Requirement
Somewhere below is a line with "(p ^ (n + 3)) c) ^ 6)" and, later, a line with "unfolding sum_reduced_residues_prime_power [OF p"; repeat those two lines and all the lines between them, exactly as they are.

The data

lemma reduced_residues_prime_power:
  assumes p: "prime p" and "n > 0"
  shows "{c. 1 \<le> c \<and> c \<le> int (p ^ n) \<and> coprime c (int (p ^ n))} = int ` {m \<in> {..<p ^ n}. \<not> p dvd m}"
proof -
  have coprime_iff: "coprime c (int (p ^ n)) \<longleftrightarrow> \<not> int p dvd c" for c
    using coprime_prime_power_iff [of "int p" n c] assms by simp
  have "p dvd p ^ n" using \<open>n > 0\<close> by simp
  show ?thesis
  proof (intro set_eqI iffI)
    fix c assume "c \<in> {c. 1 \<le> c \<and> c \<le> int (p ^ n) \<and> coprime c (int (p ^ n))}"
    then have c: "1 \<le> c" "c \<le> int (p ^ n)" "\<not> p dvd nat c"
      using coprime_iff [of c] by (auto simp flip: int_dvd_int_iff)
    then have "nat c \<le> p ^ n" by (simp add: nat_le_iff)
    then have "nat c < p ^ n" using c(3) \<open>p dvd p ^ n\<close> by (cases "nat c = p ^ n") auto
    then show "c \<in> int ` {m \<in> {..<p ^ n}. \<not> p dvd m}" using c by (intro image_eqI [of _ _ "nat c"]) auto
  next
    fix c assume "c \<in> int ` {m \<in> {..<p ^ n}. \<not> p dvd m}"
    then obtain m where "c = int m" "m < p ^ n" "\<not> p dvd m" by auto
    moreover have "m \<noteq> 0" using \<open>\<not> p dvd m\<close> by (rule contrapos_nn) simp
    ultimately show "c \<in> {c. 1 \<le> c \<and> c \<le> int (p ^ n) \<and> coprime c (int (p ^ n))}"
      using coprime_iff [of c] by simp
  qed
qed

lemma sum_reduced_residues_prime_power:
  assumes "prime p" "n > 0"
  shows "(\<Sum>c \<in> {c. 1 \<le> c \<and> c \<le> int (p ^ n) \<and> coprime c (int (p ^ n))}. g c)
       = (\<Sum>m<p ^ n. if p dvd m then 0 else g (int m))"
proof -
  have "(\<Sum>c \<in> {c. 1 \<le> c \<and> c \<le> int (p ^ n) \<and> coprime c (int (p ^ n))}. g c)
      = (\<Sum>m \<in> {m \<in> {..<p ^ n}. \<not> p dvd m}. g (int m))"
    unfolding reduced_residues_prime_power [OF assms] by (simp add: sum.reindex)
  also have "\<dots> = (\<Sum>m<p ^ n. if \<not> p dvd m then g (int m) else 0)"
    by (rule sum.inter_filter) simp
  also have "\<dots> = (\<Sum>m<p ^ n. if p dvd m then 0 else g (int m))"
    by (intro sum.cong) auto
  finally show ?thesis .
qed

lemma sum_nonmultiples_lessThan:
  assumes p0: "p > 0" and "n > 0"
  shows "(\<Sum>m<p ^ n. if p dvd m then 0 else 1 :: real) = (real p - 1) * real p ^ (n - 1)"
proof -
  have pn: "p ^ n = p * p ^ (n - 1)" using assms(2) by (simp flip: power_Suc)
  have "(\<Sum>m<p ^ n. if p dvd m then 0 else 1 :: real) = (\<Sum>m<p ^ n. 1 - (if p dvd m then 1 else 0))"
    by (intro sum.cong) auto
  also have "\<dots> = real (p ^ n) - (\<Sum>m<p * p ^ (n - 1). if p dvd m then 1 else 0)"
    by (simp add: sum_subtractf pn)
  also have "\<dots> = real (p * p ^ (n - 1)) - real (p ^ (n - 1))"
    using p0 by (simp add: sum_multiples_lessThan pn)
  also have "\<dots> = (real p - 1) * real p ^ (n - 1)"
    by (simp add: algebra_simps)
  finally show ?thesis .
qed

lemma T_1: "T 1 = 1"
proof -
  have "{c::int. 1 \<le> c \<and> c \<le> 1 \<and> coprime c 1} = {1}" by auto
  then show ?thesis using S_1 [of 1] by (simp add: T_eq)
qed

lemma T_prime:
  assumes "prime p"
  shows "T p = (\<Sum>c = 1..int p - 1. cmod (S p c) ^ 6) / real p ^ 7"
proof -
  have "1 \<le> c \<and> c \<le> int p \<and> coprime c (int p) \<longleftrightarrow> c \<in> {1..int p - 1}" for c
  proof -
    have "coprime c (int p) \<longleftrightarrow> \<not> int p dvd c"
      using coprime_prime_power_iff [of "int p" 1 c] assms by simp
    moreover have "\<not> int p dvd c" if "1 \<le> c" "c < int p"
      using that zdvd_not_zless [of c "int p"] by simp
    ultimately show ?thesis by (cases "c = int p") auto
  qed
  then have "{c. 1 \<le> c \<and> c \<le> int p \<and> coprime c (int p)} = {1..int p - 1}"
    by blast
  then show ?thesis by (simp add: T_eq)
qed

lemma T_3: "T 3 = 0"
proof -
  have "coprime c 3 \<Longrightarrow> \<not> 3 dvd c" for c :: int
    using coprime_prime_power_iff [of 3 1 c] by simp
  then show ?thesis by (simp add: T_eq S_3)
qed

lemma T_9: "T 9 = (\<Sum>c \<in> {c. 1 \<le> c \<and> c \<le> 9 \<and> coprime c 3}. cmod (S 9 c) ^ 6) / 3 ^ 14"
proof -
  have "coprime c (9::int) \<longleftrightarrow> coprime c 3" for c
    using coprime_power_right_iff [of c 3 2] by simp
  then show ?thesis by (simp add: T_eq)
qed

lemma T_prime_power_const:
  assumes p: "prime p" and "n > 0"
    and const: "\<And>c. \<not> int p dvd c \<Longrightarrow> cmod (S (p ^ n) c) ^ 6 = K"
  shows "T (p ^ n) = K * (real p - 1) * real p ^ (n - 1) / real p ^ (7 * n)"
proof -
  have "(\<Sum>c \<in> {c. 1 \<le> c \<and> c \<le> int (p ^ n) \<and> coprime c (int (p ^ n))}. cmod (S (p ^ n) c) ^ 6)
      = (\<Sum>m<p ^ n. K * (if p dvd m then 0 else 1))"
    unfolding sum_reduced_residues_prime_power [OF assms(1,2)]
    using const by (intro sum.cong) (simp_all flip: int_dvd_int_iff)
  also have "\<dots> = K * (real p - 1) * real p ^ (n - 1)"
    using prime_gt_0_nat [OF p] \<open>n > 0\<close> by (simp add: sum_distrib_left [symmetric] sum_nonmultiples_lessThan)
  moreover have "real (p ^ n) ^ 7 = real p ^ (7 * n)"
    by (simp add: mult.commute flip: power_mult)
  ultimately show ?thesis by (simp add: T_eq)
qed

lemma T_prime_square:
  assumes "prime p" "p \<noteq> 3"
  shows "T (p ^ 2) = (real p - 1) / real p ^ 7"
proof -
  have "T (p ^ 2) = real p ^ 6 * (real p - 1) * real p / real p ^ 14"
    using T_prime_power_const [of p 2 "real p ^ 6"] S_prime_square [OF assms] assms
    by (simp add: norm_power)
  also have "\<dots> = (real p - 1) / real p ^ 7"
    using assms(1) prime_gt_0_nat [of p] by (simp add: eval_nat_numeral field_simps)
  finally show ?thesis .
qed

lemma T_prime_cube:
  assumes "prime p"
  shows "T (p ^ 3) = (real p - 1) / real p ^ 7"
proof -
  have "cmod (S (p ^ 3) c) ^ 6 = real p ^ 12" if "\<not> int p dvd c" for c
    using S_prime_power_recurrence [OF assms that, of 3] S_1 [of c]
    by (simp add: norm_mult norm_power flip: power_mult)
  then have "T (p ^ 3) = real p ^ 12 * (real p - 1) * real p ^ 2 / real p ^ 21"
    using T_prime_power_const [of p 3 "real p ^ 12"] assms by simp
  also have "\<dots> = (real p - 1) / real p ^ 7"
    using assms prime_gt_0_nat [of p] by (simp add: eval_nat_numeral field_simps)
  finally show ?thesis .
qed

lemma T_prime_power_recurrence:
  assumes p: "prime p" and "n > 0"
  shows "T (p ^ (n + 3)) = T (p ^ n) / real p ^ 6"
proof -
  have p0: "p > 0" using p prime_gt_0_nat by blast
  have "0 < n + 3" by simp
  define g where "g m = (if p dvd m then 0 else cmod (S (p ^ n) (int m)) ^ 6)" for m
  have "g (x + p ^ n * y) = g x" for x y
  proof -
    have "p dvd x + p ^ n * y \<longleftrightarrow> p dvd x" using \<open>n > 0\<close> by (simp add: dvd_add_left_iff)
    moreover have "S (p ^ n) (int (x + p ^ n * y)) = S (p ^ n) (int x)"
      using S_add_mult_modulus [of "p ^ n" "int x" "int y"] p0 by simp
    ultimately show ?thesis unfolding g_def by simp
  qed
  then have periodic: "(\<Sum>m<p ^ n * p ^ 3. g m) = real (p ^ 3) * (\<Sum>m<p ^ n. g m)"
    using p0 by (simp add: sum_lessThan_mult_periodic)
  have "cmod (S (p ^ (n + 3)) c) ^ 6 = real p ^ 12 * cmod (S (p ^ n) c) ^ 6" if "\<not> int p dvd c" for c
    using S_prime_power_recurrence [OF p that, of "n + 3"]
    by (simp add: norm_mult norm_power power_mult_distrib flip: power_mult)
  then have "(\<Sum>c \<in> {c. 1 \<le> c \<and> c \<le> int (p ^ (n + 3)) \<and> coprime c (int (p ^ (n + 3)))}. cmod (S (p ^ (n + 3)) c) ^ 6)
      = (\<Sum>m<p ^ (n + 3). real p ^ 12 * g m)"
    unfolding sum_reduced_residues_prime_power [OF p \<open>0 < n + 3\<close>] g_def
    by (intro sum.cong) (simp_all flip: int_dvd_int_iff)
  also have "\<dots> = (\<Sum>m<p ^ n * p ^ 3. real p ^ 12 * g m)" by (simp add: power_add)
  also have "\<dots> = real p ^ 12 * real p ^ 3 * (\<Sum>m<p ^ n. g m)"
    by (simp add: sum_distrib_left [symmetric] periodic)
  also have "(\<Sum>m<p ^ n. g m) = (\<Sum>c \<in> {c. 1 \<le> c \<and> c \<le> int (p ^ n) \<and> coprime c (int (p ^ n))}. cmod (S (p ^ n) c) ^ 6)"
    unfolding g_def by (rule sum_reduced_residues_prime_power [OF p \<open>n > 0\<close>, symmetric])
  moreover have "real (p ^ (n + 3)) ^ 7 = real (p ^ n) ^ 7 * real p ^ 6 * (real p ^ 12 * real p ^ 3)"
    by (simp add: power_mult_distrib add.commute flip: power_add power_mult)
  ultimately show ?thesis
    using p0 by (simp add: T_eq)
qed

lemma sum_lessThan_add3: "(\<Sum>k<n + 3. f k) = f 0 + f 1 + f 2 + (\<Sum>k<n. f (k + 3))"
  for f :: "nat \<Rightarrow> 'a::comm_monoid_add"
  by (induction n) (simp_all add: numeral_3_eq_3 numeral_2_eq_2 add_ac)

Finished task
  then have "(\<Sum>c \<in> {c. 1 \<le> c \<and> c \<le> int (p ^ (n + 3)) \<and> coprime c (int (p ^ (n + 3)))}. cmod (S (p ^ (n + 3)) c) ^ 6)
      = (\<Sum>m<p ^ (n + 3). real p ^ 12 * g m)"
    unfolding sum_reduced_residues_prime_power [OF p \<open>0 < n + 3\<close>] g_def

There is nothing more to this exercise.